- Supplied data:
---+---

(* Let $\mathcal{K}\subseteq\mathbb{R}\cup\{\pm\infty\}$ have nonzero Lebesgue measure, let $\varpi:\mathcal{K}\to\mathbb{R}_{\geq 0}$ be Lebesgue integrable with only countably (finitely or infinitely) many zeros, and let $d\in\mathbb{N}$. Let $\mathbf{f}(\cdot)=\mathrm{Col}_{i=1}^d f_i(\cdot)\in\mathbb{L}^2_{\varpi}(\mathcal{K};\mathbb{R}^d)$ satisfy $$\int_{\mathcal{K}}\varpi(\tau)\mathbf{f}(\tau)\mathbf{f}^\top(\tau)\,d\tau\succ 0 .$$ For $n\in\mathbb{N}$ define $F(\tau)=\mathbf{f}(\tau)\otimes I_n\in\mathbb{R}^{dn\times n}$ and the matrix $\mathsf{F}\in\mathbb{R}^{d\times d}$ by $\mathsf{F}^{-1}=\int_{\mathcal{K}}\varpi(\tau)\mathbf{f}(\tau)\mathbf{f}^\top(\tau)\,d\tau$. Then for all $\mathbf{x}(\cdot)\in\mathbb{L}^2_{\varpi}(\mathcal{K};\mathbb{R}^n)$ and all symmetric $U\succeq 0$ in $\mathbb{R}^{n\times n}$, $$\int_{\mathcal{K}}\varpi(\tau)\mathbf{x}^\top(\tau)U\mathbf{x}(\tau)\,d\tau\;\geq\;\boldsymbol{\vartheta}^\top(\mathsf{F}\otimes U)\boldsymbol{\vartheta},\qquad \boldsymbol{\vartheta}:=\int_{\mathcal{K}}\varpi(\tau)F(\tau)\mathbf{x}(\tau)\,d\tau\in\mathbb{R}^{dn}.$$ Moreover (optimality), if $U\succ 0$, then for every $\boldsymbol{\omega}\in\mathbb{R}^{dn}$, $$2\boldsymbol{\vartheta}^\top(I_d\otimes U)\boldsymbol{\omega}-\boldsymbol{\omega}^\top(\mathsf{F}^{-1}\otimes U)\boldsymbol{\omega}\;\leq\;\boldsymbol{\vartheta}^\top(\mathsf{F}\otimes U)\boldsymbol{\vartheta},$$ with equality for $\boldsymbol{\omega}=(\mathsf{F}\otimes I_n)\boldsymbol{\vartheta}$; here each left-hand side is a lower bound for $\int_{\mathcal{K}}\varpi\,\mathbf{x}^\top U\mathbf{x}\,d\tau$ (obtained from $\int_{\mathcal{K}}\varpi(\tau)(\mathbf{x}(\tau)-F^\top(\tau)\boldsymbol{\omega})^\top U(\mathbf{x}(\tau)-F^\top(\tau)\boldsymbol{\omega})\,d\tau\ge 0$), so the bound above is the largest among them.
   Context: For $m\in\mathbb{N}$, $\mathbb{L}^2_{\varpi}(\mathcal{K};\mathbb{R}^m)$ denotes the set of Lebesgue integrable functions $\phi:\mathcal{K}\to\mathbb{R}^m$ with $\int_{\mathcal{K}}\varpi(\tau)\phi^\top(\tau)\phi(\tau)\,d\tau<\infty$. $\mathrm{Col}_{i=1}^d f_i$ denotes the column vector $[f_1,\dots,f_d]^\top$; $\otimes$ is the Kronecker product and $I_n$ the $n\times n$ identity. *)

theory Defs
  imports "HOL-Analysis.Analysis"
begin

text \<open>Kronecker product of matrices; the row/column index of the product is the pair
  (outer index, inner index), i.e. lexicographic block structure.\<close>
definition kron :: "real^'b^'a \<Rightarrow> real^'d^'c \<Rightarrow> real^('b \<times> 'd)^('a \<times> 'c)" where
  "kron A B = (\<chi> p q. A $ fst p $ fst q * B $ snd p $ snd q)"

text \<open>Kronecker product of a column vector v (a d x 1 matrix) with a matrix B;
  the singleton column index is dropped.\<close>
definition kron_col :: "real^'a \<Rightarrow> real^'c^'b \<Rightarrow> real^'c^('a \<times> 'b)" where
  "kron_col v B = (\<chi> p k. v $ fst p * B $ snd p $ k)"

definition outer :: "real^'a \<Rightarrow> real^'b \<Rightarrow> real^'b^'a" where
  "outer u v = (\<chi> i j. u $ i * v $ j)"

definition pos_def :: "real^'n^'n \<Rightarrow> bool" where
  "pos_def A \<longleftrightarrow> (\<forall>v. v \<noteq> 0 \<longrightarrow> v \<bullet> (A *v v) > 0)"

definition pos_semidef :: "real^'n^'n \<Rightarrow> bool" where
  "pos_semidef A \<longleftrightarrow> (\<forall>v. v \<bullet> (A *v v) \<ge> 0)"

definition L2w :: "real set \<Rightarrow> (real \<Rightarrow> real) \<Rightarrow> (real \<Rightarrow> real^'m) \<Rightarrow> bool" where
  "L2w K w \<phi> \<longleftrightarrow> set_borel_measurable lebesgue K \<phi> \<and>
     set_integrable lebesgue K (\<lambda>t. w t * (\<phi> t \<bullet> \<phi> t))"

end

(*
  For every \<omega>, the integral of w (x - F\<^sup>T \<omega>)\<^sup>T U (x - F\<^sup>T \<omega>) is nonnegative; expanding it with
  F U = (I \<otimes> U) F and F U F\<^sup>T = f f\<^sup>T \<otimes> U gives
    J \<ge> 2 \<theta>\<^sup>T (I \<otimes> U) \<omega> - \<omega>\<^sup>T (G \<otimes> U) \<omega>,   G = \<integral> w f f\<^sup>T.
  The right-hand side is a concave quadratic in \<omega> (the case x = 0 shows G \<otimes> U \<succeq> 0) whose
  stationarity condition (G \<otimes> U) \<omega> = (I \<otimes> U) \<theta> is solved by \<omega> = (G\<^sup>-\<^sup>1 \<otimes> I) \<theta>, where it takes
  the value \<theta>\<^sup>T (G\<^sup>-\<^sup>1 \<otimes> U) \<theta>.
*)
theory Submission
  imports Defs
begin

lemma outer_nth [simp]: "outer u v $ i $ j = u $ i * v $ j"
  by (simp add: outer_def)

lemma kron_nth [simp]: "kron A B $ p $ q = A $ fst p $ fst q * B $ snd p $ snd q"
  by (simp add: kron_def)

lemma kron_col_nth [simp]: "kron_col v B $ p $ k = v $ fst p * B $ snd p $ k"
  by (simp add: kron_col_def)

lemma kron_col_mat1_mult_nth: "(kron_col v (mat 1) *v y) $ p = v $ fst p * y $ snd p"
  unfolding matrix_vector_mult_def by (simp add: mat_def if_distrib[of "\<lambda>c. _ * c * _"] cong: if_cong)

lemma transpose_outer: "transpose (outer u v) = outer v u"
  by (simp add: vec_eq_iff transpose_def)

lemma transpose_kron: "transpose (kron A B) = kron (transpose A) (transpose B)"
  by (simp add: vec_eq_iff transpose_def)

lemma sum_UNIV_prod:
  "(\<Sum>p\<in>(UNIV::('a::finite \<times> 'b::finite) set). g p) = (\<Sum>i\<in>UNIV. \<Sum>k\<in>UNIV. g (i, k))"
  by (simp add: sum.cartesian_product)

lemma kron_mult: "kron A B ** kron C D = kron (A ** C) (B ** D)"
  by (simp add: vec_eq_iff matrix_matrix_mult_def sum_UNIV_prod sum_product algebra_simps)

lemma kron_mult_kron_col: "kron A B ** kron_col v C = kron_col (A *v v) (B ** C)"
  by (simp add: vec_eq_iff matrix_matrix_mult_def matrix_vector_mult_def sum_UNIV_prod
      sum_product algebra_simps)

lemma kron_col_mult: "kron_col v A ** B = kron_col v (A ** B)"
  by (simp add: vec_eq_iff matrix_matrix_mult_def sum_distrib_left algebra_simps)

lemma kron_col_mult_transpose:
  "kron_col u A ** transpose (kron_col v B) = kron (outer u v) (A ** transpose B)"
  by (simp add: vec_eq_iff matrix_matrix_mult_def transpose_def sum_distrib_left algebra_simps)

lemma inner_matrix_vector_outer: "u \<bullet> (A *v v) = A \<bullet> outer u v"
  by (simp add: inner_vec_def matrix_vector_mult_def sum_distrib_left mult_ac)

lemma inner_transpose_matrix_vector:
  "(transpose A *v u) \<bullet> v = u \<bullet> (A *v v)" for A :: "real^'n^'m"
  by (simp add: dot_lmul_matrix)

---+---

- Goal of the exercise: Determine how many lines of this listing contain "bool", and give only the number.

- Task solution: 3